Antes de las Selectivas, en 1970 se había efectuado la “Serie de los 10 Millones”, con 6 conjuntos y 90 partidos, conquistada por Las Villas. En 1996 y 1997 se jugó la Copa Revolución de 30 encuentros, ganadas ambas por Santiago de Cuba, y entre 2002 y 2005 se efectuaron cuatro Super Ligas con 4 y 5 selecciones participantes: Occidentales, Habaneros, Centrales, Orientales y a la última de 5 colectivos se incorporó el campeón nacional que fue Santiago de Cuba, jugando 30 y 28 partidos respectivamente.

En el quinto capítulo de esta historia llegaremos al año 1998, momento en que se comienza a jugar un solo campeonato de 90 partidos.

 

 

3 comentarios

    • ale1973 on 12 abril, 2018 at 9:01 am
    • Responder

    Muy buen artículo, en realidad ahora se comenta sobre una etapa en la que tengo buenos recuerdos. aunque discrepo en parte de que en las Series Selectivas (SS) los atletas de primer nivel no se esforzaran al máximo, recuerdo que yo le iba por aquellos años primero a Las Villas (SS 1984 a 1987) y despues a Ciudad Habana (SS 1988 a 1989) y sobre todo en la de 1989 fue muy enconada la lucha, recuerdo además a Jorge Luis Valdes, Víctor Mesa, Antonio Muñoz, Orestes Kindelán, Antonio Pacheco, Antonio Padilla, Jorge Salfrán, René Arocha, Euclides Rojas, Lázaro de la Torre, etc para no hacer interminable la lista exhibir excelentes números, mejores aún que en la nacional.

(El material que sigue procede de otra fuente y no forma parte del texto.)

text \<open>Only the values of a functional on \<open>Cb\<close> matter, so normalise them to 0
  elsewhere. The normalised positive functionals below \<open>\<nu>\<close> satisfy
  \<open>\<bar>\<mu> f\<bar> \<le> sup \<bar>f\<bar> \<cdot> \<nu> 1\<close>, because the constant 1 lies in \<open>G\<close>; so they form a
  closed subset of a product of compact intervals, compact by Tychonoff. On a
  compact space a preorder with closed lower sets has a minimal element: by the
  finite intersection property every chain has a lower bound, and Zorn's lemma
  applies. Normalising does not change the values on \<open>G\<close>, so a minimal
  normalised functional is minimal among all positive functionals.\<close>

lemma compact_preorder_has_minimal:
  fixes K :: "'a::topological_space set" and le :: "'a \<Rightarrow> 'a \<Rightarrow> bool" (infix \<open>\<sqsubseteq>\<close> 50)
  assumes "compact K" "K \<noteq> {}"
    and refl: "\<And>x. x \<in> K \<Longrightarrow> x \<sqsubseteq> x"
    and trans: "\<And>x y z. x \<sqsubseteq> y \<Longrightarrow> y \<sqsubseteq> z \<Longrightarrow> x \<sqsubseteq> z"
    and closed: "\<And>y. y \<in> K \<Longrightarrow> closed {x. x \<sqsubseteq> y}"
  shows "\<exists>m\<in>K. \<forall>x\<in>K. x \<sqsubseteq> m \<longrightarrow> m \<sqsubseteq> x"
proof -
  \<comment> \<open>minimal elements are those with a maximal up-set, so Zorn's lemma for \<open>\<subseteq>\<close> applies\<close>
  define U where "U y = {x\<in>K. y \<sqsubseteq> x}" for y
  have U_subset_iff: "U y \<subseteq> U z \<longleftrightarrow> z \<sqsubseteq> y" if "y \<in> K" for y z
  proof
    assume "U y \<subseteq> U z"
    moreover have "y \<in> U y" using that refl by (simp add: U_def)
    ultimately show "z \<sqsubseteq> y" by (auto simp: U_def)
  next
    assume "z \<sqsubseteq> y"
    then show "U y \<subseteq> U z" unfolding U_def by (blast intro: trans)
  qed
  have "\<exists>V\<in>U ` K. \<forall>X\<in>C. X \<subseteq> V" if C: "C \<in> chains (U ` K)" for C
  proof -
    have C_sub: "C \<subseteq> U ` K" and C_total: "\<And>X Y. X \<in> C \<Longrightarrow> Y \<in> C \<Longrightarrow> X \<subseteq> Y \<or> Y \<subseteq> X"
      using C by (simp_all add: chains_def chain_subset_def)
    define D where "D = {y\<in>K. U y \<in> C}"
    define L where "L y = {x. x \<sqsubseteq> y}" for y
    have "K \<inter> (\<Inter>y\<in>D. L y) \<noteq> {}"
    proof (rule compact_imp_fip_image[OF \<open>compact K\<close>])
      show "closed (L y)" if "y \<in> D" for y
        using that closed by (simp add: D_def L_def)
    next
      fix D' assume D': "finite D'" "D' \<subseteq> D"
      show "K \<inter> (\<Inter>y\<in>D'. L y) \<noteq> {}"
      proof (cases "D' = {}")
        case True
        then show ?thesis using \<open>K \<noteq> {}\<close> by simp
      next
        case False
        have "subset.chain UNIV (U ` D')"
          unfolding subset_chain_def using D'(2) C_total by (auto simp: D_def)
        then have "\<Union>(U ` D') \<in> U ` D'"
          using D' False by (intro Union_in_chain) auto
        then obtain y0 where y0: "y0 \<in> D'" "\<And>y. y \<in> D' \<Longrightarrow> U y \<subseteq> U y0" by blast
        have "y0 \<in> K" using y0(1) D'(2) by (auto simp: D_def)
        have "y0 \<sqsubseteq> y" if "y \<in> D'" for y
          using y0(2)[OF that] that D'(2) U_subset_iff by (auto simp: D_def)
        then have "y0 \<in> K \<inter> (\<Inter>y\<in>D'. L y)"
          using \<open>y0 \<in> K\<close> by (simp add: L_def)
        then show ?thesis by blast
      qed
    qed
    then obtain m where m: "m \<in> K" "\<And>y. y \<in> D \<Longrightarrow> m \<sqsubseteq> y"
      by (auto simp: L_def)
    have "X \<subseteq> U m" if "X \<in> C" for X
    proof -
      obtain y where "y \<in> K" "X = U y" using C_sub \<open>X \<in> C\<close> by blast
      then show ?thesis using m \<open>X \<in> C\<close> U_subset_iff by (auto simp: D_def)
    qed
    then show ?thesis using m(1) by blast
  qed
  from Zorn_Lemma2[OF ballI, OF this] obtain m where
    "m \<in> K" and max: "\<And>x. x \<in> K \<Longrightarrow> U m \<subseteq> U x \<Longrightarrow> U x = U m"
    by blast
  have "m \<sqsubseteq> x" if "x \<in> K" "x \<sqsubseteq> m" for x
  proof -
    have "U x = U m" using that \<open>m \<in> K\<close> by (intro max) (auto simp: U_subset_iff)
    then show ?thesis using that refl by (auto simp: U_def)
  qed
  then show ?thesis using \<open>m \<in> K\<close> by blast
qed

Por supuesto que siempre habría alguien que no rindiera lo esperado, pero nadie hablaba de que lo hacía por no interesarle la SS. Cumplieron su Rol y creo que fueron las mejores series que se hicieron en Cuba Revolucionaria. Saludos y Gracias por recordarnos aquella etapa.

      • Tino Iturralde on 12 abril, 2018 at 12:18 pm
      • Responder

      Muchas gracias por su comentario. Usted no interpretó correctamente lo que escribí, quizás lo leyó muy ràpido, léalo de nuevo. Recuerdo que en determinados momentos hubo atletas (no voy a mencionar nombres para no herir susceptibilidades) que no comenzaban jugando la Nacional por “lesiones” u otras causas y que tampoco participaban en las provinciales ni entrenaban con el equipo de su provincia para la SN. Eran estrellas en su territorio (en su equipo selectivo) y podian hacerlo, pero tenían que rendir en la Selectiva para integrar la preselección nacional y el Cuba, porque había mucha competencia. Muchos, por esa causa, tal y como usted dice, “exhibían mejores números que en la Nacional”. Por supuesto que la culpa no era de ellos, era de la estructura, que contemplaba la Selectiva inmediatamente después que la Nacional…. ¿Entiende ahora?….

        • ale1973 on 14 abril, 2018 at 5:22 pm
        • Responder

        OK. Evidentemente para recepcionar tanta información deportiva en este sitio se necesita la lectura rápida. De todas forma solo es mi criterio, estos artículos gozan de calidad, y nos recuerdan una epoca dorada del beisbol cubano que ojalá algún día vuelva. Saludos desde el forum deportivo.